Produce as output only the lines below starting at the line with "proof (rule borel_measurable_LIMSEQ_metric)" and continuing through the line with "using s[of n]", each one exactly as written.

----------

text \<open>Space regularity in L^p_b(R,V); the condition norm(g - g_eps) <= eps is
  expressed as (p-th power of norm) <= eps^p.\<close>
definition space_regular :: "real \<Rightarrow> (real \<Rightarrow> 'a::real_normed_vector) \<Rightarrow> bool" where
  "space_regular p g \<longleftrightarrow> Lpb p g \<and>
     (\<forall>\<epsilon>>0. \<exists>S :: 'a set. \<exists>g\<epsilon> :: real \<Rightarrow> 'a.
        subspace S \<and> (\<exists>B. finite B \<and> S = span B) \<and>
        Lpb p g\<epsilon> \<and> (\<forall>x. g\<epsilon> x \<in> S) \<and>
        Lpb_pnorm p (\<lambda>x. g x - g\<epsilon> x) \<le> ennreal (\<epsilon> powr p))"

end

theory Submission
  imports Defs
begin

text \<open>A compact embedding \<open>i\<close> can be approximated, uniformly on the unit sphere, by continuous maps
  into finite-dimensional subspaces: cover the compact closure of the image of the sphere by finitely
  many \<open>\<delta>\<close>-balls and glue their centres with a partition of unity (a Schauder projection), extended
  positively homogeneously. Composing \<open>g\<close> with such a map \<open>F\<close> gives a strongly measurable function with
  values in a finite-dimensional space, and \<open>\<parallel>i (g t) - F (g t)\<parallel> \<le> \<delta> \<parallel>g t\<parallel>\<close> pointwise, so the
  \<open>L\<^sup>p\<^sub>b\<close> distance is at most \<open>\<delta>\<close> times the \<open>L\<^sup>p\<^sub>b\<close> norm of \<open>g\<close>.\<close>

lemma strongly_measurable_imp_borel_measurable:
  fixes g :: "real \<Rightarrow> 'a::real_normed_vector"
  assumes "strongly_measurable g"
  shows "g \<in> borel_measurable lebesgue"
proof -
  obtain s where s: "\<And>n. simple_function lebesgue (s n)"
    and ae: "AE x in lebesgue. (\<lambda>n. s n x) \<longlonglongrightarrow> g x"
    using assms unfolding strongly_measurable_def by blast
  obtain N where sub: "{x\<in>space lebesgue. \<not> (\<lambda>n. s n x) \<longlonglongrightarrow> g x} \<subseteq> N"
    and N0: "emeasure lebesgue N = 0" and Nm: "N \<in> sets lebesgue"
    by (rule AE_E[OF ae])
  define h where "h x = (if x \<in> N then 0 else g x)" for x
  have hm: "h \<in> borel_measurable lebesgue"
  proof (rule borel_measurable_LIMSEQ_metric)
    show "(\<lambda>x. if x \<in> N then 0 else s n x) \<in> borel_measurable lebesgue" for n
      using s[of n] Nm by (intro measurable_If_set borel_measurable_simple_function) auto
    show "(\<lambda>n. if x \<in> N then 0 else s n x) \<longlonglongrightarrow> h x" if "x \<in> space lebesgue" for x
      using sub that by (auto simp: h_def)
  qed
  show ?thesis
  proof (rule measurableI)
    fix A :: "'a set" assume A: "A \<in> sets borel"
    have "g -` A \<inter> space lebesgue = ((h -` A \<inter> space lebesgue) - N) \<union> (g -` A \<inter> N)"
      by (auto simp: h_def)
    moreover have "(h -` A \<inter> space lebesgue) - N \<in> sets lebesgue"
      using measurable_sets[OF hm A] Nm by (intro sets.Diff) auto
    moreover have "g -` A \<inter> N \<in> sets lebesgue"
      using completion.complete[of "g -` A \<inter> N" N lborel] N0 Nm by (auto simp: null_sets_def)
    ultimately show "g -` A \<inter> space lebesgue \<in> sets lebesgue" by (metis sets.Un)
  qed auto
qed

----------

TASK RESULT:
  proof (rule borel_measurable_LIMSEQ_metric)
    show "(\<lambda>x. if x \<in> N then 0 else s n x) \<in> borel_measurable lebesgue" for n
      using s[of n] Nm by (intro measurable_If_set borel_measurable_simple_function) auto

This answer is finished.